“Amendment Voting Percentages Cause Confusion,” News-Press

“Amendment Voting Percentages Cause Confusion,” News-Press

Photo of five people leaning over a board room table, working together reading various documentsQ: Our declaration of condominium requires “two-thirds vote, by proxy or in person,” to approve an amendment. For example, if only 20% of members participate in a meeting, this would enable passage if 12% of the membership at a meeting to approve. Is this correct? Is there a minimum number of these “interests” required to amend our documents? (R.M., via e-mail)

A: The language of your declaration emphasizes the need for clearly written condominium documents. Unfortunately, this is often not a priority for many associations, and it becomes an issue at times when larger problems loom that necessitate the underlying amendment.

Let’s assume for easy math that your condominium has 100 units. If your declaration requires two-thirds of all voting interests to amend, you will need 67 of the 100 voting interests to approve. Conversely, if the declaration requires two-thirds of those who vote at a meeting to approve, you will need to call a membership meeting and establish a quorum before a vote can be taken. The Florida Condominium Act establishes a majority of the entire voting interests as a quorum (in our hypothetical, 51 votes), unless otherwise provided in the bylaws.

Most condominium associations have a majority quorum requirement, though I have seen some with lower requirements. It would be fairly unusual to see a 20% quorum in a typical condominium, but I do see it in some cases. Assuming your community uses the more common majority standard, amendments would be based on a sliding scale. If 60 units voted, you would need 41 to amend. If all 100 units voted, you would need 67 votes.

A well written document should say it is amendable by the stated percentage of those voting interests “present, in person or by proxy, and voting at a duly noticed meeting at which a quorum has been attained” (if that is the intent) or the stated percentage of “the entire voting interests,” if that is the intent. The language your declaration contains is inherently ambiguous, although I would be more inclined to state amendments are keyed to the entire membership, not just those who vote. This is a matter as to which the association’s legal counsel should be consulted.

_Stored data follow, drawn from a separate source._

(* Under the assumptions of the semi-offline identification result (no direct effect, MAR $\pi_\beta(R\mid X_{(1)})=\pi_\beta(R\mid X_o)$, consistency, no interference, static features, semi-offline positivity), if the Q-function model equals the true semi-offline Q-function $Q_{Semi}$, then $\mathbb{E}_{p'}[V^0_{Semi}]=J$, where $V^0_{Semi}=\sum_{A'^1}Q_{Semi}(\underline X'^0,A'^1,X_o)\pi_\alpha(A'^1\mid \underline X'^0)$; hence the direct-method estimator $J_{DM\text{-}Semi}=\hat{\mathbb{E}}_{n'}[V^0_{Semi}]$ is consistent for $J$.
   Context: Setting: full features $X_{(1)}$ (finitely valued), label $Y$, missingness $R$ with mechanism $\pi_\beta$, $X_o$ always-observed coordinates; AFA policy $\pi_\alpha$ with acquire/stop actions, histories $\underline X^t=(X^0,\dots,X^t)$, $\underline A^t=(A^1,\dots,A^t)$; target $J=\mathbb{E}[C_{(\pi_\alpha)}]$ (expected misclassification cost under $\pi_\alpha$ and a fixed deterministic classifier). Semi-offline sampling distribution $p'$: $(X_{(1)},Y,R)\sim p$, actions from a blocked simulation policy $\pi'_{sim}(\cdot\mid\underline X'^{t-1},\underline A'^{t-1},R)$ that never acquires features with $R_i=0$ and otherwise has positive probability wherever the simulation policy $\pi_{sim}$ does ($\pi_{sim}$ satisfying off-policy positivity w.r.t. $\pi_\alpha$), revealed features $X'^t=X_{(1),A'^t}$, simulated cost $C'$. Semi-offline positivity: if a trajectory $(\underline x'^{T-1},\underline a'^T,x_o)$ has positive probability under $\pi_\alpha$ and the feature distribution, then $\pi_\beta(R\ge r'\mid x_o)>0$, with $r'$ the indicator of acquired features. The true semi-offline Q-function is $Q_{Semi}(\underline X'^{t-1},\underline A'^t,X_o)=\mathbb{E}_{p'}[C'_{(\overline\pi^{t+1}_\alpha)}\mid\underline X'^{t-1},\underline A'^t,X_o]$, where $C'_{(\overline\pi^{t+1}_\alpha)}$ is the potential outcome of $C'$ had actions from step $t+1$ onward followed $\pi_\alpha$. *)

theory Defs
  imports "HOL-Probability.Probability"
begin

text \<open>
  Features are indexed by a finite type 'f, feature values lie in a finite type 'v,
  labels in a finite type 'y.  Obs is the set of always-observed coordinates.
  A history is a list of steps (action, revealed value): an acquisition of feature i is
  recorded as (Some i, Some (x i)) (consistency / static features), the stop action as
  (None, None), after which the episode ends.
  A policy maps the initial observation X^0 = X_o (a partial map defined on Obs) and the
  history so far to a distribution over actions (Some i = acquire i, None = stop).
\<close>

type_synonym ('f, 'v) hist = "('f option \<times> 'v option) list"
type_synonym ('f, 'v) policy = "('f \<Rightarrow> 'v option) \<Rightarrow> ('f, 'v) hist \<Rightarrow> 'f option pmf"

definition obs :: "'f set \<Rightarrow> ('f \<Rightarrow> 'v) \<Rightarrow> 'f \<Rightarrow> 'v option" where
  "obs Obs x = (\<lambda>i. if i \<in> Obs then Some (x i) else None)"

fun run :: "'f set \<Rightarrow> ('f, 'v) policy \<Rightarrow> ('f \<Rightarrow> 'v) \<Rightarrow> nat \<Rightarrow> ('f, 'v) hist \<Rightarrow> ('f, 'v) hist pmf" where
  "run Obs \<pi> x 0 h = return_pmf h"
| "run Obs \<pi> x (Suc n) h =
     bind_pmf (\<pi> (obs Obs x) h)
       (\<lambda>a. case a of None \<Rightarrow> return_pmf (h @ [(None, None)])
                   | Some i \<Rightarrow> run Obs \<pi> x n (h @ [(Some i, Some (x i))]))"

definition acquired :: "('f, 'v) hist \<Rightarrow> 'f set" where
  "acquired \<tau> = {i. \<exists>v. (Some i, v) \<in> set \<tau>}"

text \<open>Target: expected cost J = E[C_(pi_alpha)], with (X,Y) ~ pXY and the cost
  C = Cost X_o (trajectory) Y (e.g. misclassification cost of a fixed deterministic
  classifier applied to the observed features, plus acquisition costs).\<close>
definition J_val ::
  "'f set \<Rightarrow> nat \<Rightarrow> (('f \<Rightarrow> 'v) \<times> 'y) pmf \<Rightarrow> ('f, 'v) policy
   \<Rightarrow> (('f \<Rightarrow> 'v option) \<Rightarrow> ('f, 'v) hist \<Rightarrow> 'y \<Rightarrow> real) \<Rightarrow> real" where
  "J_val Obs T pXY \<pi>\<^sub>\<alpha> Cost =
     measure_pmf.expectation pXY
       (\<lambda>(x, y). measure_pmf.expectation (run Obs \<pi>\<^sub>\<alpha> x T []) (\<lambda>\<tau>. Cost (obs Obs x) \<tau> y))"

text \<open>Semi-offline sampling distribution p': (X,Y) ~ pXY, R ~ pi_beta(. | X) (no direct
  effect of Y on R), then a simulated trajectory from the blocked simulation policy,
  which may depend on R.\<close>
definition psemi ::
  "'f set \<Rightarrow> nat \<Rightarrow> (('f \<Rightarrow> 'v) \<times> 'y) pmf \<Rightarrow> (('f \<Rightarrow> 'v) \<Rightarrow> 'f set pmf)
   \<Rightarrow> ('f set \<Rightarrow> ('f, 'v) policy) \<Rightarrow> (('f \<Rightarrow> 'v) \<times> 'y \<times> 'f set \<times> ('f, 'v) hist) pmf" where
  "psemi Obs T pXY \<beta> \<pi>sim' =
     bind_pmf pXY (\<lambda>(x, y). bind_pmf (\<beta> x) (\<lambda>r.
       map_pmf (\<lambda>\<tau>. (x, y, r, \<tau>)) (run Obs (\<pi>sim' r) x T [])))"

text \<open>Conditional mean of the potential outcome C'_(pi_alpha from step t+1) given the
  first t simulated steps ht = (X'^1..X'^t, A'^1..A'^t): if the t-th action was stop the
  episode is over, otherwise the trajectory is continued with pi_alpha (with fresh,
  independent policy randomisation) for the remaining T - t steps.\<close>
definition po_mean ::
  "'f set \<Rightarrow> nat \<Rightarrow> ('f, 'v) policy \<Rightarrow> (('f \<Rightarrow> 'v option) \<Rightarrow> ('f, 'v) hist \<Rightarrow> 'y \<Rightarrow> real)
   \<Rightarrow> ('f \<Rightarrow> 'v) \<Rightarrow> 'y \<Rightarrow> ('f, 'v) hist \<Rightarrow> real" where
  "po_mean Obs T \<pi>\<^sub>\<alpha> Cost x y ht =
     (if ht \<noteq> [] \<and> fst (last ht) = None then Cost (obs Obs x) ht y
      else measure_pmf.expectation (run Obs \<pi>\<^sub>\<alpha> x (T - length ht) ht) (\<lambda>\<tau>. Cost (obs Obs x) \<tau> y))"

definition qevent ::
  "'f set \<Rightarrow> ('f, 'v) hist \<Rightarrow> 'f option \<Rightarrow> ('f \<Rightarrow> 'v option)
   \<Rightarrow> (('f \<Rightarrow> 'v) \<times> 'y \<times> 'f set \<times> ('f, 'v) hist) set" where
  "qevent Obs h a x0 = {(x, y, r, \<tau>). obs Obs x = x0 \<and> length h < length \<tau> \<and>
       take (length h) \<tau> = h \<and> fst (\<tau> ! length h) = a}"

text \<open>True semi-offline Q-function
  Q_Semi(h, a, x0) = E_{p'}[C'_(pi_alpha from t+1) | history h, A'^t = a, X_o = x0]
  (set to 0 on conditioning events of p'-probability zero).\<close>
definition Q_semi ::
  "'f set \<Rightarrow> nat \<Rightarrow> (('f \<Rightarrow> 'v) \<times> 'y) pmf \<Rightarrow> (('f \<Rightarrow> 'v) \<Rightarrow> 'f set pmf)
   \<Rightarrow> ('f set \<Rightarrow> ('f, 'v) policy) \<Rightarrow> ('f, 'v) policy
   \<Rightarrow> (('f \<Rightarrow> 'v option) \<Rightarrow> ('f, 'v) hist \<Rightarrow> 'y \<Rightarrow> real)
   \<Rightarrow> ('f, 'v) hist \<Rightarrow> 'f option \<Rightarrow> ('f \<Rightarrow> 'v option) \<Rightarrow> real" where
  "Q_semi Obs T pXY \<beta> \<pi>sim' \<pi>\<^sub>\<alpha> Cost h a x0 =
     (let p' = psemi Obs T pXY \<beta> \<pi>sim'; E = qevent Obs h a x0 in
      if set_pmf p' \<inter> E = {} then 0
      else measure_pmf.expectation (cond_pmf p' E)
             (\<lambda>(x, y, r, \<tau>). po_mean Obs T \<pi>\<^sub>\<alpha> Cost x y (take (Suc (length h)) \<tau>)))"

definition V0 :: "('f::finite, 'v) policy \<Rightarrow> (('f, 'v) hist \<Rightarrow> 'f option \<Rightarrow> ('f \<Rightarrow> 'v option) \<Rightarrow> real)
   \<Rightarrow> ('f \<Rightarrow> 'v option) \<Rightarrow> real" where
  "V0 \<pi>\<^sub>\<alpha> Qm x0 = (\<Sum>a\<in>UNIV. Qm [] a x0 * pmf (\<pi>\<^sub>\<alpha> x0 []) a)"

end

theory Submission
  imports Defs
begin

text \<open>
  Conditioning the semi-offline distribution on \<open>X_o\<close> and the first simulated action \<open>a\<close>
  reweights the feature distribution by the probability that the blocked simulation policy
  starts with \<open>a\<close>. Under MAR this weight depends on the features only through \<open>X_o\<close>, so it
  cancels and \<open>Q_Semi(X'^0, a, X_o)\<close> is the plain conditional expectation, given \<open>X_o\<close>, of the
  cost of acting \<open>a\<close> first and following \<open>\<pi>\<^sub>\<alpha>\<close> afterwards; semi-offline positivity guarantees
  that the weight is nonzero wherever \<open>\<pi>\<^sub>\<alpha>\<close> may choose \<open>a\<close>. Averaging over \<open>\<pi>\<^sub>\<alpha>\<close>'s first action
  and applying the tower property gives \<open>E[V\<^sup>0] = J\<close>. The values \<open>V\<^sup>0\<close> of the i.i.d. samples are
  bounded (all types are finite), so Hoeffding's inequality yields consistency.
\<close>

lemma integral_pmf_eq_const:
  fixes f :: "'a \<Rightarrow> real"
  assumes "\<And>x. x \<in> set_pmf p \<Longrightarrow> f x = c"
  shows "measure_pmf.expectation p f = c"
proof -
  have "measure_pmf.expectation p f = measure_pmf.expectation p (\<lambda>_. c)"
    using assms by (intro integral_cong_AE) (auto simp: AE_measure_pmf_iff)
  then show ?thesis by simp
qed

lemma integral_bind_pmf_finite:
  fixes f :: "'b \<Rightarrow> real"
  assumes fin_M: "finite (set_pmf M)" and fin_N: "\<And>x. x \<in> set_pmf M \<Longrightarrow> finite (set_pmf (N x))"
  shows "measure_pmf.expectation (bind_pmf M N) f
       = measure_pmf.expectation M (\<lambda>x. measure_pmf.expectation (N x) f)"
proof -
  define A where "A = set_pmf M"
  define B where "B = set_pmf (bind_pmf M N)"
  have fin_A: "finite A" and fin_B: "finite B"
    using assms by (auto simp: A_def B_def set_bind_pmf)
  have N_B: "set_pmf (N x) \<subseteq> B" if "x \<in> A" for x
    using that by (auto simp: A_def B_def set_bind_pmf)
  have "measure_pmf.expectation (bind_pmf M N) f = (\<Sum>z\<in>B. f z * pmf (bind_pmf M N) z)"
    using fin_B by (intro integral_measure_pmf_real) (auto simp: B_def)
  also have "\<dots> = (\<Sum>z\<in>B. f z * (\<Sum>x\<in>A. pmf (N x) z * pmf M x))"
    unfolding pmf_bind using fin_A
    by (intro sum.cong refl arg_cong[where f = "(*) _"] integral_measure_pmf_real) (auto simp: A_def)
  also have "\<dots> = (\<Sum>x\<in>A. (\<Sum>z\<in>B. f z * pmf (N x) z) * pmf M x)"
    by (simp add: sum_distrib_left sum_distrib_right mult_ac sum.swap[of _ B])
  also have "\<dots> = (\<Sum>x\<in>A. measure_pmf.expectation (N x) f * pmf M x)"
    using N_B fin_B by (intro sum.cong refl) (subst integral_measure_pmf_real[of B], auto)
  also have "\<dots> = measure_pmf.expectation M (\<lambda>x. measure_pmf.expectation (N x) f)"
    using fin_A by (subst integral_measure_pmf_real[of A]) (auto simp: A_def)
  finally show ?thesis .
qed

lemma integral_cond_pmf_finite:
  fixes f :: "'a \<Rightarrow> real"
  assumes fin: "finite (set_pmf p)" and ne: "set_pmf p \<inter> s \<noteq> {}"
  shows "measure_pmf.expectation (cond_pmf p s) f
       = measure_pmf.expectation p (\<lambda>z. indicator s z * f z) / measure_pmf.prob p s"
proof -
  have "measure_pmf.expectation (cond_pmf p s) f = (\<Sum>z\<in>set_pmf p. f z * pmf (cond_pmf p s) z)"
    using fin ne by (intro integral_measure_pmf_real) auto
  also have "\<dots> = (\<Sum>z\<in>set_pmf p. (indicator s z * f z) * pmf p z) / measure_pmf.prob p s"
    unfolding sum_divide_distrib using ne by (intro sum.cong refl) (auto simp: pmf_cond indicator_def)
  also have "\<dots> = measure_pmf.expectation p (\<lambda>z. indicator s z * f z) / measure_pmf.prob p s"
    using fin by (subst integral_measure_pmf_real[of "set_pmf p"]) auto
  finally show ?thesis .
qed

lemma integral_cond_pmf_tower:
  fixes f :: "'a \<Rightarrow> real" and u :: "'b \<Rightarrow> real" and g :: "'a \<Rightarrow> 'b"
  assumes fin: "finite (set_pmf p)"
  shows "measure_pmf.expectation p (\<lambda>z. u (g z) * measure_pmf.expectation (cond_pmf p (g -` {g z})) f)
       = measure_pmf.expectation p (\<lambda>z. u (g z) * f z)"
proof -
  define A where "A = set_pmf p"
  define P where "P z = measure_pmf.prob p (g -` {g z})" for z
  define I where "I z z' = indicator (g -` {g z}) z' * pmf p z'" for z z' :: 'a
  have fin_A: "finite A" using fin by (simp add: A_def)
  have P_sum: "P z = (\<Sum>z'\<in>A. I z z')" for z
  proof -
    have "P z = measure_pmf.expectation p (indicator (g -` {g z}))"
      by (simp add: P_def)
    also have "\<dots> = (\<Sum>z'\<in>A. I z z')"
      using fin_A by (subst integral_measure_pmf_real[of A]) (auto simp: A_def I_def)
    finally show ?thesis .
  qed
  have P_pos: "P z > 0" if "z \<in> A" for z
    using that measure_pmf_zero_iff[of p "g -` {g z}"] measure_nonneg[of "measure_pmf p"]
    unfolding P_def A_def by (metis IntI emptyE order_neq_le_trans vimage_singleton_eq)
  have cond: "measure_pmf.expectation (cond_pmf p (g -` {g z})) f = (\<Sum>z'\<in>A. I z z' * f z') / P z"
    if "z \<in> A" for z
  proof -
    have "set_pmf p \<inter> g -` {g z} \<noteq> {}" using that by (auto simp: A_def)
    then have "measure_pmf.expectation (cond_pmf p (g -` {g z})) f
        = measure_pmf.expectation p (\<lambda>z'. indicator (g -` {g z}) z' * f z') / P z"
      by (simp add: integral_cond_pmf_finite[OF fin] P_def)
    also have "\<dots> = (\<Sum>z'\<in>A. I z z' * f z') / P z"
      using fin_A by (subst integral_measure_pmf_real[of A]) (auto simp: A_def I_def mult_ac)
    finally show ?thesis .
  qed
  have "measure_pmf.expectation p (\<lambda>z. u (g z) * measure_pmf.expectation (cond_pmf p (g -` {g z})) f)
      = (\<Sum>z\<in>A. u (g z) * ((\<Sum>z'\<in>A. I z z' * f z') / P z) * pmf p z)"
    using fin_A cond by (subst integral_measure_pmf_real[of A]) (auto simp: A_def)
  also have "\<dots> = (\<Sum>z\<in>A. \<Sum>z'\<in>A. I z' z * (u (g z') * f z' * pmf p z' / P z'))"
    by (auto simp: sum_distrib_left sum_distrib_right sum_divide_distrib I_def P_def indicator_def
        intro!: sum.cong)
  also have "\<dots> = (\<Sum>z'\<in>A. P z' * (u (g z') * f z' * pmf p z' / P z'))"
    by (subst sum.swap) (simp add: P_sum sum_distrib_right sum_divide_distrib)
  also have "\<dots> = (\<Sum>z'\<in>A. u (g z') * f z' * pmf p z')"
    using P_pos by (intro sum.cong) (auto simp: less_le)
  also have "\<dots> = measure_pmf.expectation p (\<lambda>z. u (g z) * f z)"
    using fin_A by (subst integral_measure_pmf_real[of A]) (auto simp: A_def)
  finally show ?thesis .
qed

Q: My condominium association recently levied a special assessment to fund some repairs to the condominium building. The project is now completed, and the final cost was less than the total amount of the special assessment. The association is now trying to determine what to do with the surplus. Some owners feel that this money must be returned to the membership. What does the board have to do? (C.O., via e-mail)

A: Section 718.116(10) of Florida Condominium Act states that when a condominium association levies a special assessment, the funds collected may only be used for specific purposes of the assessment as set out in the required notice of special assessment. The same law also states that once the purpose of the special assessment is completed, any excess funds are considered “common surplus,” and may, at the discretion of the board of directors, either be returned to the unit owners or applied as a credit to future assessments.

Therefore, while there is not a legal mandate that the surplus funds be returned to the owners, the owners must receive the benefit of the surplus either through the monies being returned in their proportionate share, or in the value of the surplus being credited towards future assessments. Ultimately, this is a board decision. You will want to review the condominium documents to determine if there are any additional restrictions concerning the use of surplus special assessment funds.